Assignment 1

Author

Shanna Dubay

Introduction

The Rolling Stone’s 500 Greatest Albums data set contains a ranked list of albums with many decades of work crossing multiple music genres. This data set provides ample opportunity to analyze the change in music over time and to spot patterns for trends.

For my analysis, I created two categorical visualizations that apply different Gestalt principles to help with data visualization. The first visualization shows the amount of albums each decade acquired in the list, while using a proximity to highlight clusters. The second one shows the percentage of of albums in each genre over time, applying similarity to emphasize patterns. These visualizations help give insight to how music preferences and the music industry changed over several decades.

Code
library(tidyverse)
library(ggplot2)
library(RColorBrewer)
df<-read_csv("https://jsuleiman.com/datasets/Rolling_Stones_Top_500_Albums.csv")
locale = locale(encoding = "ISO-8859-2", asciify = TRUE)
b_album_counts <- df |>
count(Year, name = "num_albums")
b_album_counts <- b_album_counts |>
mutate(Decade = (Year %/% 10) * 10)
blue_palette <- colorRampPalette(c("#00A8E8", "#0077B6", "#005691", "#003f7f", "#002654"))(length(unique(b_album_counts$Decade)))
ggplot(b_album_counts, aes(x = Year, y = num_albums, fill = as.factor(Decade))) +
geom_col() +
scale_fill_manual(values = blue_palette, name = "Decade") +
labs(title = "Number of Albums Released Per Year",
x = "Year",
y = "Number of Albums") +
theme_minimal() +
theme(axis.text.x = element_text(angle = 45, hjust = 1))

In the first visual I noticed that the key distribution patterns were the counts of albums around the 1970s and 1980s were highest. I felt this was best represented with my visualization choices of a bar chart to show height of album counts as well as the color scale of blue to show lightest blue in the earlier decades to darkest blue in the later decades. I feel the grouping of decades was critical to show the counts of albums over time as it helps cluster the years together and shows smoother distribution over time.

Code
library(stringr)
dfp <- df %>%
mutate(Primary_Genre = ifelse(is.na(Genre) | Genre == "", "Unknown", 
str_extract(Genre, "^[^,]+")))
genre_counts <- dfp %>%
mutate(Decade = floor(Year / 10) * 10) %>%
group_by(Decade, Primary_Genre) %>%
summarise(Count = n(), .groups = "drop")
genre_percent <- genre_counts %>%
group_by(Decade) %>%
mutate(Percent = (Count / sum(Count)) * 100) %>%
ungroup()
ggplot(genre_percent, aes(x = Decade, y = Percent, color = Primary_Genre)) +
geom_point(size = 3, alpha = 0.8) +  
geom_line(aes(group = Primary_Genre), alpha = 0.5) +  
scale_color_viridis_d(option = "turbo") +
labs(title = "Dominant Genre Percentage Over Decades",
x = "Decade",
y = "Percentage of Albums",
color = "Genre") +
theme_minimal()

My second visuals key distribution patterns were the genre clusters that took only the first genre listed in the album because adding other genre lists would create far too many variables in the chart and confuse my audience with random combinations of genres. For my visualization I chose to have the genres in a rainbow of colors because I felt the genres were a spectrum of musical tastes. While I think my visual communicates the relation of genres percentages to one another over decades, I do think I could have done a better job with filtering the genres that were a mix. I fear my audience will get the wrong impression that rock dominated the musical world as many albums were “Rock, Hip Hop, Jazz” or other combinations and that may have skewed this data for the chart.

Conclusion

With these two visualizations, I was able to detect the changes in trends of popularity to different music genres over the decades. The first chart helped me to see that the 1970s held the most albums, while the second chart showed me that Rock was a very high percentage above other genres throughout most time in the list starting in 1960.

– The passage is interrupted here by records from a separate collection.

lemma finite_carlitz_factorizations: "finite (carlitz_factorizations i j k)"
proof -
  let ?W = "{w :: letter list. set w \<subseteq> UNIV \<and> length w \<le> i + j}"
  have "length w \<le> i + j" if "fs \<in> carlitz_factorizations i j k" "w \<in> set fs" for fs w
  proof -
    have "length w \<le> length (concat fs)"
      using \<open>w \<in> set fs\<close> by (simp add: length_concat member_le_sum_list)
    then show ?thesis
      using that(1) length_eq_count_A_B[of "concat fs"] by (simp add: carlitz_factorizations_def)
  qed
  then have "carlitz_factorizations i j k \<subseteq> {fs. set fs \<subseteq> ?W \<and> length fs \<le> k}"
    by (auto simp: carlitz_factorizations_def)
  moreover have "finite ?W"
    by (rule finite_lists_length_le) (simp add: UNIV_letter)
  ultimately show ?thesis
    using finite_lists_length_le finite_subset by blast
qed

lemma ncount_eq_0_if_less: "i + j < k \<Longrightarrow> ncount i j k = 0"
proof -
  assume "i + j < k"
  have "k \<le> i + j" if "fs \<in> carlitz_factorizations i j k" for fs
    using that length_le_length_concat[of fs] length_eq_count_A_B[of "concat fs"]
    by (auto simp: carlitz_factorizations_def)
  with \<open>i + j < k\<close> show ?thesis
    by (fastforce simp: ncount_def)
qed

lemma ncount_0: "ncount i j 0 = (if i = 0 \<and> j = 0 then 1 else 0)"
proof -
  have "carlitz_factorizations i j 0 = (if i = 0 \<and> j = 0 then {[]} else {})"
    by (auto simp: carlitz_factorizations_def)
  then show ?thesis
    by (simp add: ncount_def)
qed

lemma carlitz_factorizations_Suc_hd_tl:
  assumes "fs \<in> carlitz_factorizations i j (Suc k)"
  shows "fs = hd fs # tl fs" and "hd fs \<noteq> []"
  using assms by (cases fs; auto simp: carlitz_factorizations_def)+

lemma carlitz_factorizations_Suc_hd:
  "{fs \<in> carlitz_factorizations i j (Suc k). hd fs = w} =
     (if w \<noteq> [] \<and> carlitz w \<and> count_list w A \<le> i \<and> count_list w B \<le> j
      then (#) w ` carlitz_factorizations (i - count_list w A) (j - count_list w B) k else {})"
proof -
  have "fs \<in> carlitz_factorizations i j (Suc k) \<and> hd fs = w \<longleftrightarrow>
      (\<exists>gs. fs = w # gs \<and> w # gs \<in> carlitz_factorizations i j (Suc k))" for fs
    by (cases fs) (auto simp: carlitz_factorizations_def)
  then show ?thesis
    by (auto simp: carlitz_factorizations_Cons)
qed

lemma card_carlitz_factorizations_Suc_hd:
  assumes "w \<noteq> []" and "carlitz w"
  shows "card {fs \<in> carlitz_factorizations i j (Suc k). hd fs = w} =
    (if count_list w A \<le> i \<and> count_list w B \<le> j
     then ncount (i - count_list w A) (j - count_list w B) k else 0)"
  using assms by (simp add: carlitz_factorizations_Suc_hd card_image ncount_def)

fun other_letter :: "letter \<Rightarrow> letter" where
  "other_letter A = B"
| "other_letter B = A"

definition prepend_pair :: "letter list \<Rightarrow> letter list" where
  "prepend_pair w = hd w # other_letter (hd w) # w"

lemma other_letter_neq [simp]: "other_letter x \<noteq> x" "x \<noteq> other_letter x"
  by (cases x; simp)+

lemma prepend_pair_neq_Nil [simp]: "prepend_pair w \<noteq> []"
  by (simp add: prepend_pair_def)

lemma drop_2_prepend_pair [simp]: "drop 2 (prepend_pair u) = u"
  by (simp add: prepend_pair_def numeral_2_eq_2)

lemma length_prepend_pair [simp]: "length (prepend_pair w) = length w + 2"
  by (simp add: prepend_pair_def)

lemma carlitz_prepend_pair: "w \<noteq> [] \<Longrightarrow> carlitz (prepend_pair w) \<longleftrightarrow> carlitz w"
  by (auto simp: prepend_pair_def neq_Nil_conv)

lemma count_list_prepend_pair:
  "w \<noteq> [] \<Longrightarrow> count_list (prepend_pair w) A = Suc (count_list w A)"
  "w \<noteq> [] \<Longrightarrow> count_list (prepend_pair w) B = Suc (count_list w B)"
  by (cases "hd w"; simp add: prepend_pair_def)+

lemma prepend_pair_drop_2:
  assumes "carlitz w" and "3 \<le> length w"
  shows "prepend_pair (drop 2 w) = w"
proof -
  obtain x y z v where "w = x # y # z # v"
    using \<open>3 \<le> length w\<close> by (auto simp: numeral_3_eq_3 Suc_le_length_iff)
  with \<open>carlitz w\<close> show ?thesis
    by (cases x; cases y; cases z) (auto simp: prepend_pair_def)
qed

lemma prepend_pair_Cons_in_carlitz_factorizations:
  assumes "u \<noteq> []"
  shows "prepend_pair u # fs \<in> carlitz_factorizations i j (Suc k) \<longleftrightarrow>
    0 < i \<and> 0 < j \<and> u # fs \<in> carlitz_factorizations (i - 1) (j - 1) (Suc k)"
  using assms by (auto simp: carlitz_factorizations_Cons carlitz_prepend_pair count_list_prepend_pair)

lemma carlitz_factorizations_Suc_long:
  "{fs \<in> carlitz_factorizations i j (Suc k). 3 \<le> length (hd fs)} =
     (if 0 < i \<and> 0 < j
      then (\<lambda>gs. prepend_pair (hd gs) # tl gs) ` carlitz_factorizations (i - 1) (j - 1) (Suc k)
      else {})"
proof -
  have "fs \<in> carlitz_factorizations i j (Suc k) \<and> 3 \<le> length (hd fs) \<longleftrightarrow>
      0 < i \<and> 0 < j \<and> (\<exists>gs \<in> carlitz_factorizations (i - 1) (j - 1) (Suc k).
         fs = prepend_pair (hd gs) # tl gs)" for fs
  proof
    assume *: "fs \<in> carlitz_factorizations i j (Suc k) \<and> 3 \<le> length (hd fs)"
    then have fs: "fs = hd fs # tl fs"
      using carlitz_factorizations_Suc_hd_tl(1) by blast
    with * have "carlitz (hd fs)"
      by (metis carlitz_factorizations_Cons)
    define u where "u = drop 2 (hd fs)"
    have "hd fs = prepend_pair u" and "u \<noteq> []"
      using * \<open>carlitz (hd fs)\<close> by (simp_all add: u_def prepend_pair_drop_2)
    with * fs have "0 < i \<and> 0 < j \<and> u # tl fs \<in> carlitz_factorizations (i - 1) (j - 1) (Suc k)"
      by (metis prepend_pair_Cons_in_carlitz_factorizations)
    with \<open>hd fs = prepend_pair u\<close> fs show "0 < i \<and> 0 < j \<and>
        (\<exists>gs \<in> carlitz_factorizations (i - 1) (j - 1) (Suc k). fs = prepend_pair (hd gs) # tl gs)"
      by (metis list.sel(1,3))
  next
    assume "0 < i \<and> 0 < j \<and> (\<exists>gs \<in> carlitz_factorizations (i - 1) (j - 1) (Suc k).
        fs = prepend_pair (hd gs) # tl gs)"
    then obtain gs where "0 < i" "0 < j" and gs: "gs \<in> carlitz_factorizations (i - 1) (j - 1) (Suc k)"
      and "fs = prepend_pair (hd gs) # tl gs"
      by blast
    with carlitz_factorizations_Suc_hd_tl[OF gs]
    show "fs \<in> carlitz_factorizations i j (Suc k) \<and> 3 \<le> length (hd fs)"
      by (simp add: prepend_pair_Cons_in_carlitz_factorizations Suc_le_eq)
  qed
  then show ?thesis
    by auto
qed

The visuals offered me a chance to come up with other questions like what would it look like to check the ranking of albums based on genre. Also, would there be years that would allow greater genre diversity.

I would hope that future data sets will include streaming services and sales as well as albums associated with movies. I also wonder if the data set could be bias due to the magazine being of a rock tendency.